TASK TO CARRY OUT: Scan the entries for the word "definition". Every line that has it should be copied.

--- DATA PROVIDED Enclosed Below ---

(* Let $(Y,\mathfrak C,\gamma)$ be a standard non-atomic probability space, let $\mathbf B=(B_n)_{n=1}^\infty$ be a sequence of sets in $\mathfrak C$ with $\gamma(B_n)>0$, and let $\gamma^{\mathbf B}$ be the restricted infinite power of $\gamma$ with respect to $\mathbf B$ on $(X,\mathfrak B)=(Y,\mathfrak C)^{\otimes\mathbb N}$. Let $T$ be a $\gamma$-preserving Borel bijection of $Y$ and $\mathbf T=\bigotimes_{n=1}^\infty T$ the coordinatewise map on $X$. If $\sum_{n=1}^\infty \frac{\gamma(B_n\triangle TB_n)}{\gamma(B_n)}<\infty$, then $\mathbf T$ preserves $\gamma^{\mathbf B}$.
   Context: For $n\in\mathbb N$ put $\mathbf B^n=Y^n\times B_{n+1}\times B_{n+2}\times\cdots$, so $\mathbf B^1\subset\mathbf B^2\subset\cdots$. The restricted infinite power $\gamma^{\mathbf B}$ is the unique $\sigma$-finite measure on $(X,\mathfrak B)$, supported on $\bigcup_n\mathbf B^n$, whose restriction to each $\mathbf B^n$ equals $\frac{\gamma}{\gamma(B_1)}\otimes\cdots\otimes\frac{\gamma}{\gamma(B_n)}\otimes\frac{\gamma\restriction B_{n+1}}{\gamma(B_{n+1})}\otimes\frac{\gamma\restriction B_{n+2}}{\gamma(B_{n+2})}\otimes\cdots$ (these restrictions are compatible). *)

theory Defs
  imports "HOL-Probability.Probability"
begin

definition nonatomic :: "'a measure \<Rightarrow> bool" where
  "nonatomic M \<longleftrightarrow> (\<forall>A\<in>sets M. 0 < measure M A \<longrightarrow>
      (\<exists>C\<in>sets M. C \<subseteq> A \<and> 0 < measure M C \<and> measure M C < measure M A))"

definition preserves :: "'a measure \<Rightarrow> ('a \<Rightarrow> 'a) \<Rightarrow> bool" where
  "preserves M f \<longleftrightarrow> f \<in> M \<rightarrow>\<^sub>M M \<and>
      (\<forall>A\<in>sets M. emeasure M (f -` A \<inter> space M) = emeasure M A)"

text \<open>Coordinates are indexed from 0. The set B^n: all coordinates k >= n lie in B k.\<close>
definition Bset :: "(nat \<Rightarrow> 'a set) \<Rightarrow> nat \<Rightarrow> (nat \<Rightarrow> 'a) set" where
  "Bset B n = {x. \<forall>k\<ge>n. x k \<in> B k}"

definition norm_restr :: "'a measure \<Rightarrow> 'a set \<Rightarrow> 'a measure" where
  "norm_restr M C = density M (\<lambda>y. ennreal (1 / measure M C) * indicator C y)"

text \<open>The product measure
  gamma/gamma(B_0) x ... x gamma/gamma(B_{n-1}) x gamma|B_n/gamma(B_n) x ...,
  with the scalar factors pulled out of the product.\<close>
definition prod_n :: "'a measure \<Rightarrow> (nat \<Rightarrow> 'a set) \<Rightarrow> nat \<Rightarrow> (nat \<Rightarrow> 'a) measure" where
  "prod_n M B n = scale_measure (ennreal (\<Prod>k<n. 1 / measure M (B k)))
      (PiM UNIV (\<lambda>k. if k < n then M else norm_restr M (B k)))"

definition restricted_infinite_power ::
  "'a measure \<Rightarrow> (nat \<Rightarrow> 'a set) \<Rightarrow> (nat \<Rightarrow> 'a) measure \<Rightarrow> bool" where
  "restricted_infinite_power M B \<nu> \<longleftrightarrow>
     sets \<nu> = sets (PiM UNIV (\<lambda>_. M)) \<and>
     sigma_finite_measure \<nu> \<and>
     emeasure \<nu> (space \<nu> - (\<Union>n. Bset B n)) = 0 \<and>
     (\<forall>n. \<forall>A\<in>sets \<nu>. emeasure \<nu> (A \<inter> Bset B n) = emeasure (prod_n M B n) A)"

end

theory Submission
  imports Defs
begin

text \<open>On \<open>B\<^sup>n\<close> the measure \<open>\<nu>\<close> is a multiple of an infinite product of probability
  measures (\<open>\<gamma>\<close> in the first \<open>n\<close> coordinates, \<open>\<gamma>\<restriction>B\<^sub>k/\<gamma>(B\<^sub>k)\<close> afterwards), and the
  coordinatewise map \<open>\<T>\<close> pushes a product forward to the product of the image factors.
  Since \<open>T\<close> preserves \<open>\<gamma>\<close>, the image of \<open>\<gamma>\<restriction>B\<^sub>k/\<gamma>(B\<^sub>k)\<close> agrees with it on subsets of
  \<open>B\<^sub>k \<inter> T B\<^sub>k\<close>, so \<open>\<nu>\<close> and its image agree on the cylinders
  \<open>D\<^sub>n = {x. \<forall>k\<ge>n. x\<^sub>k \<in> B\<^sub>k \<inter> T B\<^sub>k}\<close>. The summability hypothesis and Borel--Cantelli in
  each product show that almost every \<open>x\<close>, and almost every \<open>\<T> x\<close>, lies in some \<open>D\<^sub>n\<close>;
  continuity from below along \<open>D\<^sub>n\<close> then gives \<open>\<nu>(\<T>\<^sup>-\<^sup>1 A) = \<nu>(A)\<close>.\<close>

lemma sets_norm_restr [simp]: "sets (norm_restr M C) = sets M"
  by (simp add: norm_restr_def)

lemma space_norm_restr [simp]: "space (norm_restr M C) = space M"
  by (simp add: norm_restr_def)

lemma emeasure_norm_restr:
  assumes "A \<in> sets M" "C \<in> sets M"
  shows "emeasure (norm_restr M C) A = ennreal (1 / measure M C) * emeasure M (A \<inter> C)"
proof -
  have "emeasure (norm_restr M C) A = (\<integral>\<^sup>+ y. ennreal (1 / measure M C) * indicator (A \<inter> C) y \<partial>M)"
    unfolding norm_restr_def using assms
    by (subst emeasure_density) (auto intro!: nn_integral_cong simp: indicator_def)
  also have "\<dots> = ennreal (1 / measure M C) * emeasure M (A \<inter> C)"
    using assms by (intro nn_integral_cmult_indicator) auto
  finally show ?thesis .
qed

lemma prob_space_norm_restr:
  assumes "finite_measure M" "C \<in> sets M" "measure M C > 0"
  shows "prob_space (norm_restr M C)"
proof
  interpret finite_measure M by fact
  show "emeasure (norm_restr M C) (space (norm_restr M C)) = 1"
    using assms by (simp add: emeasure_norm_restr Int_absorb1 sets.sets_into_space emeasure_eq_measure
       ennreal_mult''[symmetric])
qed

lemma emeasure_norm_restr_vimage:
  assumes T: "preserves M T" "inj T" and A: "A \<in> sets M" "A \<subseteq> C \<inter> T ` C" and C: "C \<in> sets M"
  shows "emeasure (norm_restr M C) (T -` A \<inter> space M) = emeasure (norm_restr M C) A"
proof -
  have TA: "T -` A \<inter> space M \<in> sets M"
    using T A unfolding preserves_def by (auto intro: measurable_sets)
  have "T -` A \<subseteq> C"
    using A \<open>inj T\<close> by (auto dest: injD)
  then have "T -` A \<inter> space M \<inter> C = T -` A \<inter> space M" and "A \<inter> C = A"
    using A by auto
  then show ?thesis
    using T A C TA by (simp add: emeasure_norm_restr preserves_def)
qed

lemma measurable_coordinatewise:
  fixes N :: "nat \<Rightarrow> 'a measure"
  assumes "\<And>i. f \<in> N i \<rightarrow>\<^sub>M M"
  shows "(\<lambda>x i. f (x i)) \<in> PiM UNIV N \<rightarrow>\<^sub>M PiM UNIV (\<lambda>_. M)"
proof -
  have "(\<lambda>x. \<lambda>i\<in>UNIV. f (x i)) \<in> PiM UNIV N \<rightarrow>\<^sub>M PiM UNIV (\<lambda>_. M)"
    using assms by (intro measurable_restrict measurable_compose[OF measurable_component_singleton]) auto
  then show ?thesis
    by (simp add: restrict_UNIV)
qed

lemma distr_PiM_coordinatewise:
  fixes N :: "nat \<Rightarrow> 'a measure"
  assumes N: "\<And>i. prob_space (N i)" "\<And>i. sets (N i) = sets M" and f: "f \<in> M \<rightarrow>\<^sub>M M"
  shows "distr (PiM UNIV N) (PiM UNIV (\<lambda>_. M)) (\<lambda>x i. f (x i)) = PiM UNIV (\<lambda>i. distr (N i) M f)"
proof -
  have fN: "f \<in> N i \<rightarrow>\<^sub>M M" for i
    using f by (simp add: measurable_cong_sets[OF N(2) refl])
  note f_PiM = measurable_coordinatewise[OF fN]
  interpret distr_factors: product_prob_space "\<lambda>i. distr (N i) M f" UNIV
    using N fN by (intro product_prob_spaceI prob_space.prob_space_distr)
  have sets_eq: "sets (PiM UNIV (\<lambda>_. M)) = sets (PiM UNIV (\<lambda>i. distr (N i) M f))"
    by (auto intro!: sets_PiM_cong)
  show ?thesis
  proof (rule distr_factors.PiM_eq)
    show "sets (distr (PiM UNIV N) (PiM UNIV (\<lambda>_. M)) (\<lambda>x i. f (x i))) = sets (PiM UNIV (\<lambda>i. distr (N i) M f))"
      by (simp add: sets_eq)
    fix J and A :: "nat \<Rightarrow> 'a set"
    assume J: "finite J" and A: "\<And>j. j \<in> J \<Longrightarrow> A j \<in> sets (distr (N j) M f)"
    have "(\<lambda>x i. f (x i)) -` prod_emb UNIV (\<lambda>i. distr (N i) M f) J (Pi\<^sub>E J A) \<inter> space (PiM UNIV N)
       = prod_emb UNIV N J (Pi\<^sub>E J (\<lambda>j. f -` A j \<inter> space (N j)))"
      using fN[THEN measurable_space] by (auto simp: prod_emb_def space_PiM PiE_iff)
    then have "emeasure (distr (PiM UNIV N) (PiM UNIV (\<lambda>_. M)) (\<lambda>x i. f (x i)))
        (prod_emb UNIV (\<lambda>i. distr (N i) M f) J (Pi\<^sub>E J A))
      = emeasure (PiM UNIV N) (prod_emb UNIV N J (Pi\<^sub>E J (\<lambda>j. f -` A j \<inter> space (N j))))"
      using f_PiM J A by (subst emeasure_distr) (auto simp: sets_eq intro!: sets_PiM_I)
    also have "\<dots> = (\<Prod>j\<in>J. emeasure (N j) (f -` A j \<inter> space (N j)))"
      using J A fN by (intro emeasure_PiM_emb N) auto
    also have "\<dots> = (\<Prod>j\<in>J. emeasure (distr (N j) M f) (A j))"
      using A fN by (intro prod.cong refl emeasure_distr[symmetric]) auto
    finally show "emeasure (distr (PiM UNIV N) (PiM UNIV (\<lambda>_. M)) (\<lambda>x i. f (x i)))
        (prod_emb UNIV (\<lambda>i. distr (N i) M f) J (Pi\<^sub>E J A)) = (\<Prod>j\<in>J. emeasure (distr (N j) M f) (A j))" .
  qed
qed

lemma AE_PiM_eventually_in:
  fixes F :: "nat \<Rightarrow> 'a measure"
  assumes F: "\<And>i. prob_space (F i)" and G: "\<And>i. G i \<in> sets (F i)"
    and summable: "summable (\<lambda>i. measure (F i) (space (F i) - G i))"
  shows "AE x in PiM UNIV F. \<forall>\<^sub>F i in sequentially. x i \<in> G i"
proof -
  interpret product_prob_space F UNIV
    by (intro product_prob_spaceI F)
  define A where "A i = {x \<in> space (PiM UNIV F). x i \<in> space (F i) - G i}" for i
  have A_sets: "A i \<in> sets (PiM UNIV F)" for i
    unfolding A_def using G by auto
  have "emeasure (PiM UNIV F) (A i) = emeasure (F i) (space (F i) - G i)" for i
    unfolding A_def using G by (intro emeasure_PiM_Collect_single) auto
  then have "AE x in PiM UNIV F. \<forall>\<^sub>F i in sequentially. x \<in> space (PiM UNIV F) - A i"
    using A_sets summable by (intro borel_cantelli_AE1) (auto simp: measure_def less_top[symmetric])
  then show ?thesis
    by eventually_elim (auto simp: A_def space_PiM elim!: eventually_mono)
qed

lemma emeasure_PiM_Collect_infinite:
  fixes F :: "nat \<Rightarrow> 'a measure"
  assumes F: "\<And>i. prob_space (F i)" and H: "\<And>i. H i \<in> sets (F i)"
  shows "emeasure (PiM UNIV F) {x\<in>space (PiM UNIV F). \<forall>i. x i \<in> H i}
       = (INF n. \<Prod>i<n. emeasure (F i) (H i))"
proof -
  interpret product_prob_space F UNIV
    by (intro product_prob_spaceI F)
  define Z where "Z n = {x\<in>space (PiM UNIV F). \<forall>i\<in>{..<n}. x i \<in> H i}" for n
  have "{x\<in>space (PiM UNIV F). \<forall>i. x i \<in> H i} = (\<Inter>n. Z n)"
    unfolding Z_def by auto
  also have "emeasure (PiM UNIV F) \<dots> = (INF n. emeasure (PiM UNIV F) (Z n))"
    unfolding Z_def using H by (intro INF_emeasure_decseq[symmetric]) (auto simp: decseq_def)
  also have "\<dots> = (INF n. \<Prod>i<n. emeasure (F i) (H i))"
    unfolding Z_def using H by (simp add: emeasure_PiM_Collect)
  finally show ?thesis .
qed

--- End of Enclosed DATA PROVIDED ---

FINISHED EXERCISE:
definition nonatomic :: "'a measure \<Rightarrow> bool" where
definition preserves :: "'a measure \<Rightarrow> ('a \<Rightarrow> 'a) \<Rightarrow> bool" where
definition Bset :: "(nat \<Rightarrow> 'a set) \<Rightarrow> nat \<Rightarrow> (nat \<Rightarrow> 'a) set" where
definition norm_restr :: "'a measure \<Rightarrow> 'a set \<Rightarrow> 'a measure" where
definition prod_n :: "'a measure \<Rightarrow> (nat \<Rightarrow> 'a set) \<Rightarrow> nat \<Rightarrow> (nat \<Rightarrow> 'a) measure" where
definition restricted_infinite_power ::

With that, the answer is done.